Прикурил новую сигарету. В стеклянной пепельнице шесть окурков. Попросил  официанта оставить, иначе теряю счёт выкуренным сигаретам, а потом разбирает кашель. 
– То есть?! – спросил её, когда официант побежал к другому столику.
– Ликвидирую. Люди живут в наших мыслях. Нужно избавиться от повседневных напоминаний, и тогда постепенно все они уйдут из твоей жизни. Если человека нет рядом, то его вообще нигде нет.
– Но где-то он жив! И помнит тебя.
–  За пределами моей вселенной. У каждого из нас она – своя, семь миллиардов людей планеты Земля создают семь миллиардов миров. И никто в точности не знает, что происходит по ту сторону.
Я ощутил одиночество крайнего севера. Меж столиками гулял холодный апрельский ветер, кафе обогревалось жаровнями и мангалом. Мы смотрели на озеро. В синей воде сталкивались льдины, в небе над озером с пронзительными криками кружили чайки. Отчего-то подумалось, что слово «чайка» происходит от слова «отчаяние». Будто лучшие из них покоятся на дне озера, и птицы оплакивают погибших.    

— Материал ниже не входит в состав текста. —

(* Fix $\hat P_0\in\mathbb S^n_+$. Let $\mathcal C(\hat P_0)$ be the set of all matrices $\hat P_i$, $i\in\mathbb Z_+$, generated by the inexact value iteration $\hat P_{i+1}=\mathcal R(\hat P_i,S)+\Delta_i$ started from $\hat P_0$, over all disturbance sequences $\{\Delta_i\}_{i\ge0}\subset\mathbb S^n$ with $\sup_{i}\|\Delta_i\|_2<\lambda_{\min}(S)$. Then the closure $\overline{\mathcal C(\hat P_0)}$ is compact.
   Context: Let $n,m\ge 1$, $A\in\mathbb R^{n\times n}$, $B\in\mathbb R^{n\times m}$, $S\in\mathbb S^n_{++}$, $R\in\mathbb S^m_{++}$, with $(A,B)$ stabilizable. Here $\mathbb S^n$, $\mathbb S^n_+$, $\mathbb S^n_{++}$ denote the real symmetric, symmetric positive semidefinite, and symmetric positive definite $n\times n$ matrices; $\|\cdot\|_2$ is the spectral norm; $\lambda_{\min}$ is the smallest eigenvalue. For $P\in\mathbb S^n_+$ and $S'\in\mathbb S^n$, the Riccati operator is $\mathcal R(P,S')=A^\top PA-A^\top PB(R+B^\top PB)^{-1}B^\top PA+S'$. *)

theory Defs
  imports "HOL-Analysis.Analysis"
begin

definition sym_mat :: "real^'n^'n \<Rightarrow> bool" where
  "sym_mat M \<longleftrightarrow> transpose M = M"

definition psd_mat :: "real^'n^'n \<Rightarrow> bool" where
  "psd_mat M \<longleftrightarrow> sym_mat M \<and> (\<forall>x. 0 \<le> x \<bullet> (M *v x))"

definition pd_mat :: "real^'n^'n \<Rightarrow> bool" where
  "pd_mat M \<longleftrightarrow> sym_mat M \<and> (\<forall>x. x \<noteq> 0 \<longrightarrow> 0 < x \<bullet> (M *v x))"

definition spec_norm :: "real^'n^'m \<Rightarrow> real" where
  "spec_norm M = onorm (\<lambda>x. M *v x)"

definition lambda_min :: "real^'n^'n \<Rightarrow> real" where
  "lambda_min M = Min {l. \<exists>v. v \<noteq> 0 \<and> M *v v = l *\<^sub>R v}"

definition cplx_mat :: "real^'n^'n \<Rightarrow> complex^'n^'n" where
  "cplx_mat M = (\<chi> i j. complex_of_real (M $ i $ j))"

definition is_eigenvalue :: "real^'n^'n \<Rightarrow> complex \<Rightarrow> bool" where
  "is_eigenvalue M l \<longleftrightarrow> (\<exists>v. v \<noteq> 0 \<and> cplx_mat M *v v = l *s v)"

definition schur_stable :: "real^'n^'n \<Rightarrow> bool" where
  "schur_stable M \<longleftrightarrow> (\<forall>l. is_eigenvalue M l \<longrightarrow> cmod l < 1)"

definition stabilizable :: "real^'n^'n \<Rightarrow> real^'m^'n \<Rightarrow> bool" where
  "stabilizable A B \<longleftrightarrow> (\<exists>K :: real^'n^'m. schur_stable (A - B ** K))"

definition riccati ::
  "real^'n^'n \<Rightarrow> real^'m^'n \<Rightarrow> real^'m^'m \<Rightarrow> real^'n^'n \<Rightarrow> real^'n^'n \<Rightarrow> real^'n^'n" where
  "riccati A B R P S' =
     transpose A ** P ** A
     - transpose A ** P ** B ** matrix_inv (R + transpose B ** P ** B) ** transpose B ** P ** A
     + S'"

primrec inexact_vi ::
  "real^'n^'n \<Rightarrow> real^'m^'n \<Rightarrow> real^'m^'m \<Rightarrow> real^'n^'n \<Rightarrow> real^'n^'n
   \<Rightarrow> (nat \<Rightarrow> real^'n^'n) \<Rightarrow> nat \<Rightarrow> real^'n^'n" where
  "inexact_vi A B R S P0 D 0 = P0"
| "inexact_vi A B R S P0 D (Suc i) = riccati A B R (inexact_vi A B R S P0 D i) S + D i"

definition reach_set ::
  "real^'n^'n \<Rightarrow> real^'m^'n \<Rightarrow> real^'m^'m \<Rightarrow> real^'n^'n \<Rightarrow> real^'n^'n \<Rightarrow> (real^'n^'n) set" where
  "reach_set A B R S P0 =
    {P. \<exists>D i. (\<forall>k. sym_mat (D k)) \<and> bdd_above (range (\<lambda>k. spec_norm (D k)))
            \<and> (SUP k. spec_norm (D k)) < lambda_min S
            \<and> P = inexact_vi A B R S P0 D i}"

end

theory Submission
  imports Defs "Jordan_Normal_Form.Spectral_Radius"
begin

(* Choose a stabilising gain K. Since R(P,S) is the minimum over inputs z of the one-step cost
   (Ax - Bz)'P(Ax - Bz) + z'Rz + x'Sx, taking z = Kx gives
   x'R(P,S)x <= (Lx)'P(Lx) + x'(K'RK + S)x with L = A - BK Schur stable, so that L^k decays
   geometrically.  Unrolling this along the inexact iteration and summing the geometric series
   bounds every iterate, uniformly in the disturbances, by a fixed multiple of the identity.
   The condition ||Delta_i|| < lambda_min(S) keeps S + Delta_i, and hence every iterate, positive
   semidefinite; so the iterates have uniformly bounded entries and the reachable set is bounded. *)

no_notation Matrix.vec_index (infixl \<open>$\<close> 100)

section \<open>Geometric decay of the powers of a Schur stable matrix\<close>

primrec matrix_pow :: "real^'n^'n \<Rightarrow> nat \<Rightarrow> real^'n^'n" where
  "matrix_pow M 0 = Finite_Cartesian_Product.mat 1"
| "matrix_pow M (Suc k) = matrix_pow M k ** M"

lemma matrix_pow_scaleR: "matrix_pow (c *\<^sub>R M) k = c ^ k *\<^sub>R matrix_pow M k"
  by (induction k) (auto simp: matrix_scalar_ac scalar_matrix_assoc)

lemma funpow_matrix_vector_mult: "((*v) M ^^ k) x = matrix_pow M k *v x"
  by (induction k arbitrary: x)
    (simp_all add: funpow_Suc_right matrix_vector_mul_assoc del: funpow.simps)

lemma eigenvalue_smult_mat:
  assumes A: "A \<in> carrier_mat n n" and "eigenvalue A l"
  shows "eigenvalue (c \<cdot>\<^sub>m A) (c * l)"
proof -
  from assms obtain v where v: "v \<in> carrier_vec n" "v \<noteq> 0\<^sub>v n" "A *\<^sub>v v = l \<cdot>\<^sub>v v"
    unfolding eigenvalue_def eigenvector_def by auto
  have "(c \<cdot>\<^sub>m A) *\<^sub>v v = c \<cdot>\<^sub>v (A *\<^sub>v v)"
    using A v(1) by (intro eq_vecI) (auto simp: scalar_prod_def sum_distrib_left mult.assoc)
  also have "\<dots> = (c * l) \<cdot>\<^sub>v v"
    by (simp add: v(3) smult_smult_assoc)
  finally show ?thesis
    using A v unfolding eigenvalue_def eigenvector_def by auto
qed

definition enum_index :: "nat \<Rightarrow> 'n::finite" where
  "enum_index = (SOME h. bij_betw h {0..<CARD('n)} UNIV)"

lemma bij_enum_index: "bij_betw enum_index {0..<CARD('n)} (UNIV :: 'n::finite set)"
proof -
  have "\<exists>h. bij_betw h {0..<CARD('n)} (UNIV :: 'n set)"
    using ex_bij_betw_nat_finite[of "UNIV :: 'n set"] by simp
  then show ?thesis
    unfolding enum_index_def by (rule someI_ex)
qed

lemma enum_index_onto: "(a :: 'n::finite) \<in> enum_index ` {0..<CARD('n)}"
  using bij_enum_index unfolding bij_betw_def by auto

lemma enum_index_eq_iff:
  "i < CARD('n) \<Longrightarrow> j < CARD('n) \<Longrightarrow> enum_index i = (enum_index j :: 'n::finite) \<longleftrightarrow> i = j"
  using bij_enum_index[where 'n = 'n] unfolding bij_betw_def inj_on_def by auto

(* The spectral radius theory of Jordan_Normal_Form is stated for complex matrices indexed by
   natural numbers. *)
definition jnf_of :: "real^'n^'n \<Rightarrow> complex Matrix.mat" where
  "jnf_of X = Matrix.mat CARD('n) CARD('n)
     (\<lambda>(i, j). complex_of_real (X $ enum_index i $ enum_index j))"

lemma jnf_of_carrier [simp]: "jnf_of (X :: real^'n^'n) \<in> carrier_mat CARD('n) CARD('n)"
  by (simp add: jnf_of_def)

lemma dim_jnf_of [simp]:
  "dim_row (jnf_of (X :: real^'n^'n)) = CARD('n)" "dim_col (jnf_of (X :: real^'n^'n)) = CARD('n)"
  by (simp_all add: jnf_of_def)

lemma jnf_of_index [simp]:
  "i < CARD('n) \<Longrightarrow> j < CARD('n) \<Longrightarrow>
     jnf_of (X :: real^'n^'n) $$ (i, j) = complex_of_real (X $ enum_index i $ enum_index j)"
  by (simp add: jnf_of_def)

lemma jnf_of_mult: "jnf_of (X ** Y) = jnf_of X * jnf_of (Y :: real^'n^'n)"
proof (rule eq_matI)
  fix i j assume "i < dim_row (jnf_of X * jnf_of Y)" "j < dim_col (jnf_of X * jnf_of Y)"
  then have ij: "i < CARD('n)" "j < CARD('n)"
    by (simp_all add: jnf_of_def)
  have "(jnf_of X * jnf_of Y) $$ (i, j)
      = (\<Sum>k\<in>{0..<CARD('n)}. complex_of_real
           (X $ enum_index i $ enum_index k * Y $ enum_index k $ enum_index j))"
    using ij by (simp add: jnf_of_def scalar_prod_def)
  also have "\<dots> = complex_of_real (\<Sum>k\<in>UNIV. X $ enum_index i $ k * Y $ k $ enum_index j)"
    unfolding of_real_sum[symmetric]
    using sum.reindex_bij_betw[OF bij_enum_index,
        of "\<lambda>k. X $ enum_index i $ k * Y $ k $ enum_index j"]
    by simp
  finally show "jnf_of (X ** Y) $$ (i, j) = (jnf_of X * jnf_of Y) $$ (i, j)"
    using ij by (simp add: matrix_matrix_mult_def)
qed (simp_all add: jnf_of_def)

lemma jnf_of_one: "jnf_of (Finite_Cartesian_Product.mat 1 :: real^'n^'n) = 1\<^sub>m CARD('n)"
proof (rule eq_matI)
  fix i j assume "i < dim_row (1\<^sub>m CARD('n))" "j < dim_col (1\<^sub>m CARD('n))"
  then have "i < CARD('n)" "j < CARD('n)" by simp_all
  then show "jnf_of (Finite_Cartesian_Product.mat 1 :: real^'n^'n) $$ (i, j) = 1\<^sub>m CARD('n) $$ (i, j)"
    by (simp add: Finite_Cartesian_Product.mat_def enum_index_eq_iff)
qed (simp_all add: jnf_of_def)

lemma jnf_of_matrix_pow: "jnf_of (matrix_pow X k) = jnf_of X ^\<^sub>m k"
  by (induction k) (simp_all add: jnf_of_one jnf_of_mult)

lemma abs_entry_le_if_norm_bound_jnf_of:
  fixes X :: "real^'n^'n"
  assumes "norm_bound (jnf_of X) b"
  shows "\<bar>X $ i $ j\<bar> \<le> b"
proof -
  obtain i' j' where "i' < CARD('n)" "j' < CARD('n)" "i = enum_index i'" "j = enum_index j'"
    using enum_index_onto[of i] enum_index_onto[of j] by auto
  then show ?thesis
    using assms unfolding norm_bound_def by (auto simp: jnf_of_def)
qed

lemma is_eigenvalue_if_eigenvalue_jnf_of:
  fixes X :: "real^'n^'n"
  assumes "eigenvalue (jnf_of X) l"
  shows "is_eigenvalue X l"
proof -
  let ?N = "CARD('n)"
  obtain v where v: "v \<in> carrier_vec ?N" "v \<noteq> 0\<^sub>v ?N" "jnf_of X *\<^sub>v v = l \<cdot>\<^sub>v v"
    using assms unfolding eigenvalue_def eigenvector_def by auto
  define idx where "idx = inv_into {0..<?N} (enum_index :: nat \<Rightarrow> 'n)"
  have idx: "idx a < ?N" "enum_index (idx a) = a" for a
    using inv_into_into[OF enum_index_onto] f_inv_into_f[OF enum_index_onto]
    unfolding idx_def by auto
  have idx_enum: "idx (enum_index i) = i" if "i < ?N" for i
    using bij_enum_index[where 'n = 'n] that unfolding idx_def bij_betw_def by auto
  define w :: "complex^'n" where "w = (\<chi> a. vec_index v (idx a))"
  have "cplx_mat X *v w = l *s w"
  proof (rule Finite_Cartesian_Product.vec_eq_iff[THEN iffD2], rule allI)
    fix a
    have "(cplx_mat X *v w) $ a
        = (\<Sum>b\<in>UNIV. complex_of_real (X $ a $ b) * vec_index v (idx b))"
      by (simp add: matrix_vector_mult_def cplx_mat_def w_def)
    also have "\<dots> = (\<Sum>k\<in>{0..<?N}. complex_of_real (X $ a $ enum_index k) * vec_index v k)"
      using sum.reindex_bij_betw[OF bij_enum_index,
          of "\<lambda>b. complex_of_real (X $ a $ b) * vec_index v (idx b)"]
      by (simp add: idx_enum)
    also have "\<dots> = vec_index (jnf_of X *\<^sub>v v) (idx a)"
      using idx[of a] v(1) by (simp add: jnf_of_def scalar_prod_def mult.commute)
    also have "\<dots> = (l *s w) $ a"
      using v(1,3) idx[of a] by (simp add: w_def)
    finally show "(cplx_mat X *v w) $ a = (l *s w) $ a" .
  qed
  moreover have "w \<noteq> 0"
  proof
    assume "w = 0"
    then have "vec_index v i = 0" if "i < ?N" for i
      using idx_enum[OF that] by (metis vec_lambda_beta w_def zero_index)
    then have "v = 0\<^sub>v ?N"
      using v(1) by (intro eq_vecI) auto
    with v(2) show False ..
  qed
  ultimately show ?thesis
    unfolding is_eigenvalue_def by blast
qed

lemma spectral_radius_jnf_of_less_1:
  fixes M :: "real^'n^'n"
  assumes "schur_stable M"
  shows "spectral_radius (jnf_of M) < 1"
proof -
  obtain l where "eigenvalue (jnf_of M) l" "spectral_radius (jnf_of M) = norm l"
    using spectral_radius_mem_max(1)[OF jnf_of_carrier] by (auto simp: spectrum_def)
  with assms show ?thesis
    unfolding schur_stable_def by (auto dest: is_eigenvalue_if_eigenvalue_jnf_of)
qed

lemma spectral_radius_jnf_of_scaleR_le:
  fixes M :: "real^'n^'n"
  assumes "0 < c"
  shows "spectral_radius (jnf_of (c *\<^sub>R M)) \<le> c * spectral_radius (jnf_of M)"
proof -
  obtain l where l: "eigenvalue (jnf_of (c *\<^sub>R M)) l" "spectral_radius (jnf_of (c *\<^sub>R M)) = norm l"
    using spectral_radius_mem_max(1)[OF jnf_of_carrier] by (auto simp: spectrum_def)
  have "complex_of_real (1 / c) \<cdot>\<^sub>m jnf_of (c *\<^sub>R M) = jnf_of M"
    using assms by (intro eq_matI) (simp_all add: jnf_of_def)
  with eigenvalue_smult_mat[OF jnf_of_carrier l(1), of "complex_of_real (1 / c)"]
  have "eigenvalue (jnf_of M) (complex_of_real (1 / c) * l)"
    by simp
  then have "norm (complex_of_real (1 / c) * l) \<le> spectral_radius (jnf_of M)"
    by (intro spectral_radius_mem_max(2)[OF jnf_of_carrier]) (auto simp: spectrum_def)
  with assms l(2) show ?thesis
    by (simp add: norm_divide pos_divide_le_eq mult.commute)
qed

–  Помимо всем известной аббревиатуры RIP, requiescat in pace, есть и другая: «приговорённые к миру». Средневековая казнь за самые зверские преступления. Также преступлением считалось не только злодеяние против конкретной личности, но и против его мира: если кто-то разрушил твою жизнь. Заключённых отправляли гнить заживо в подземелье. В безмолвной пустоте, где время переставало существовать, куда не проникали ни свет, ни звуки внешнего мира, человек медленно превращался в червя.
– Исчезал во тьме, – попытался пошутить.
Она удовлетворённо кивнула:
– Пустота растворяет в себе, как кислота. Медленно, мучительно, но наверняка.
Я поёжился: в продуваемом ветром кафе нетрудно было вообразить ледяное дыхание подземелья. Хорошо, что солнце светило прямо в глаза, а чайки вопили без перерыва. Окружение ощущалось реальнее её жутковатых фантазий.
–  На самом деле все мы давно живём в виртуальном мире. Посчитай, сколько времени ты проводишь в интернет и сколько не за компьютером, и сразу поймёшь, где твой дом.
Она была права. По утрам, после звонка будильника, лёжа в постели, я проверял сообщения на экране смартфона. В течение дня он всегда был под рукой, то и дело подёргиваясь, как живое существо. По ночам мне начинало казаться, что мои друзья и коллеги страдают бессонницей: в сети всегда кто-то был, готовый откликнуться.
– И всё-таки, как ты это делаешь?
– Google в помощь, – усмехнулась она. – Подробных инструкций полно в интернет. Если кратко, то три правила: «чёрный список» в мобильном телефоне; действие «удалить» при получении письма с адреса электронной почты, не «в спам», спам иногда читаешь; «заблокировать пользователя» в социальных сетях. Параллельно вычищаем память электронных устройств и собственные воспоминания.
– Собственные воспоминания… Не всегда получается, во всяком случае не за один день.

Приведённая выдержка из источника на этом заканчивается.